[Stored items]

lemma no_one_after_zero_Cons [simp]:
  "no_one_after_zero (x # w) \<longleftrightarrow> (x = 0 \<longrightarrow> 1 \<notin> set w) \<and> no_one_after_zero w"
  unfolding no_one_after_zero_def
proof (intro iffI conjI allI impI)
  fix i j assume H: "\<forall>i j. i < j \<and> j < length (x # w) \<and> (x # w) ! i = 0 \<longrightarrow> (x # w) ! j \<noteq> 1"
  show "1 \<notin> set w" if "x = 0"
    using H[rule_format, of 0 "Suc _"] that by (auto simp: in_set_conv_nth)
  show "w ! j \<noteq> 1" if "i < j \<and> j < length w \<and> w ! i = 0"
    using H[rule_format, of "Suc i" "Suc j"] that by simp
next
  fix i j
  assume H: "(x = 0 \<longrightarrow> 1 \<notin> set w) \<and> (\<forall>i j. i < j \<and> j < length w \<and> w ! i = 0 \<longrightarrow> w ! j \<noteq> 1)"
    and ij: "i < j \<and> j < length (x # w) \<and> (x # w) ! i = 0"
  then obtain j' where j: "j = Suc j'" "j' < length w"
    by (cases j) auto
  show "(x # w) ! j \<noteq> 1"
  proof (cases i)
    case 0
    then show ?thesis using H ij j nth_mem by fastforce
  next
    case (Suc i')
    then show ?thesis using H ij j by auto
  qed
qed

lemma triwords_iff:
  "u \<in> triwords n \<longleftrightarrow>
     length u = n \<and> set u \<subseteq> {0,1,2} \<and> (n > 0 \<longrightarrow> u ! 0 \<noteq> 2) \<and> no_one_after_zero u"
  by (auto simp: triwords_def no_one_after_zero_def)

lemma nth_triwords_le_2:
  assumes "u \<in> triwords n" "k < n"
  shows "u ! k \<le> 2"
proof -
  have "u ! k \<in> set u"
    using assms by (simp add: triwords_def)
  then have "u ! k \<in> {0,1,2}"
    using assms(1) by (auto simp: triwords_def)
  then show ?thesis by auto
qed

definition raisable :: "nat list \<Rightarrow> nat \<Rightarrow> bool" where
  "raisable u i \<longleftrightarrow> i < length u \<and> (u ! i = 0 \<or> u ! i = 1 \<and> i \<noteq> 0)"

definition raised_letter :: "nat list \<Rightarrow> nat \<Rightarrow> nat" where
  "raised_letter u i = (if u ! i = 0 \<and> (\<forall>j<i. u ! j \<noteq> 0) then 1 else 2)"

definition raise :: "nat list \<Rightarrow> nat \<Rightarrow> nat list" where
  "raise u i = u[i := raised_letter u i]"

lemma length_raise [simp]: "length (raise u i) = length u"
  by (simp add: raise_def)

lemma nth_raise: "i < length u \<Longrightarrow> raise u i ! j = (if j = i then raised_letter u i else u ! j)"
  by (simp add: raise_def nth_list_update)

lemma raised_letter_gt: "raisable u i \<Longrightarrow> u ! i < raised_letter u i"
  by (auto simp: raisable_def raised_letter_def)

lemma raise_in_triwords:
  assumes u: "u \<in> triwords n" and i: "raisable u i"
  shows "raise u i \<in> triwords n"
proof -
  have len: "length u = n" and i_len: "i < n"
    using u i by (auto simp: triwords_def raisable_def)
  have "raised_letter u i \<in> {0,1,2}"
    by (simp add: raised_letter_def)
  then have "set (raise u i) \<subseteq> {0,1,2}"
    using u set_update_subset_insert[of u i "raised_letter u i"]
    unfolding triwords_def raise_def by blast
  moreover have "raise u i ! 0 \<noteq> 2" if "n > 0"
    using u i that len
    by (cases "i = 0") (auto simp: triwords_def raisable_def raised_letter_def nth_raise)
  moreover have "raise u i ! b \<noteq> 1"
    if "a < b" "b < n" "raise u i ! a = 0" for a b
  proof -
    have "a \<noteq> i" "u ! a = 0"
      using that i_len len by (auto simp: nth_raise raised_letter_def split: if_splits)
    then show ?thesis
      using u that i_len len by (auto simp: triwords_def nth_raise raised_letter_def)
  qed
  ultimately show ?thesis
    using len by (auto simp: triwords_def)
qed

lemma tri_le_raise: "raisable u i \<Longrightarrow> tri_le u (raise u i)"
  using raised_letter_gt[of u i]
  by (auto simp: tri_le_def raisable_def nth_raise)

lemma raise_neq: "raisable u i \<Longrightarrow> raise u i \<noteq> u"
  using raised_letter_gt[of u i]
  by (metis less_irrefl raisable_def nth_raise)

lemma between_raise:
  assumes w: "w \<in> triwords n" and i: "raisable u i"
    and le: "tri_le u w" "tri_le w (raise u i)"
  shows "w = u \<or> w = raise u i"
proof -
  have len: "length w = length u" and i_len: "i < length u"
    using le i by (auto simp: tri_le_def raisable_def)
  have off_i: "w ! k = u ! k" if "k < length u" "k \<noteq> i" for k
    using le that i_len by (fastforce simp: tri_le_def nth_raise)
  have "u ! i \<le> w ! i" "w ! i \<le> raised_letter u i"
    using le i_len by (auto simp: tri_le_def nth_raise)
  moreover have False if "u ! i < w ! i" "w ! i < raised_letter u i"
  proof -
    \<comment> \<open>then a 0 is raised to 2, so it is preceded by a 0, which forbids the 1 in w\<close>
    have "w ! i = 1" "\<not> (\<forall>j<i. u ! j \<noteq> 0)"
      using that by (auto simp: raised_letter_def split: if_splits)
    then obtain j where "j < i" "u ! j = 0" "w ! i = 1"
      by blast
    then show False
      using w off_i[of j] i_len len by (auto simp: triwords_def)
  qed
  ultimately consider "w ! i = u ! i" | "w ! i = raised_letter u i"
    by fastforce
  then show ?thesis
  proof cases
    case 1
    then have "w ! k = u ! k" if "k < length u" for k
      using off_i[OF that] by (cases "k = i") auto
    then have "w = u" using len by (simp add: nth_equalityI)
    then show ?thesis ..
  next
    case 2
    then have "w ! k = raise u i ! k" if "k < length u" for k
      using off_i[OF that] i_len by (cases "k = i") (auto simp: nth_raise)
    then have "w = raise u i" using len by (simp add: nth_equalityI)
    then show ?thesis ..
  qed
qed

▸ EXERCISE GOAL:
Lines after the one containing "by (auto simp: triwords_def no_one_after_zero_def)" are left out; every line from the start of the entries through that line is restated word for word.

▸ REPLY:
lemma no_one_after_zero_Cons [simp]:
  "no_one_after_zero (x # w) \<longleftrightarrow> (x = 0 \<longrightarrow> 1 \<notin> set w) \<and> no_one_after_zero w"
  unfolding no_one_after_zero_def
proof (intro iffI conjI allI impI)
  fix i j assume H: "\<forall>i j. i < j \<and> j < length (x # w) \<and> (x # w) ! i = 0 \<longrightarrow> (x # w) ! j \<noteq> 1"
  show "1 \<notin> set w" if "x = 0"
    using H[rule_format, of 0 "Suc _"] that by (auto simp: in_set_conv_nth)
  show "w ! j \<noteq> 1" if "i < j \<and> j < length w \<and> w ! i = 0"
    using H[rule_format, of "Suc i" "Suc j"] that by simp
next
  fix i j
  assume H: "(x = 0 \<longrightarrow> 1 \<notin> set w) \<and> (\<forall>i j. i < j \<and> j < length w \<and> w ! i = 0 \<longrightarrow> w ! j \<noteq> 1)"
    and ij: "i < j \<and> j < length (x # w) \<and> (x # w) ! i = 0"
  then obtain j' where j: "j = Suc j'" "j' < length w"
    by (cases j) auto
  show "(x # w) ! j \<noteq> 1"
  proof (cases i)
    case 0
    then show ?thesis using H ij j nth_mem by fastforce
  next
    case (Suc i')
    then show ?thesis using H ij j by auto
  qed
qed

lemma triwords_iff:
  "u \<in> triwords n \<longleftrightarrow>
     length u = n \<and> set u \<subseteq> {0,1,2} \<and> (n > 0 \<longrightarrow> u ! 0 \<noteq> 2) \<and> no_one_after_zero u"
  by (auto simp: triwords_def no_one_after_zero_def)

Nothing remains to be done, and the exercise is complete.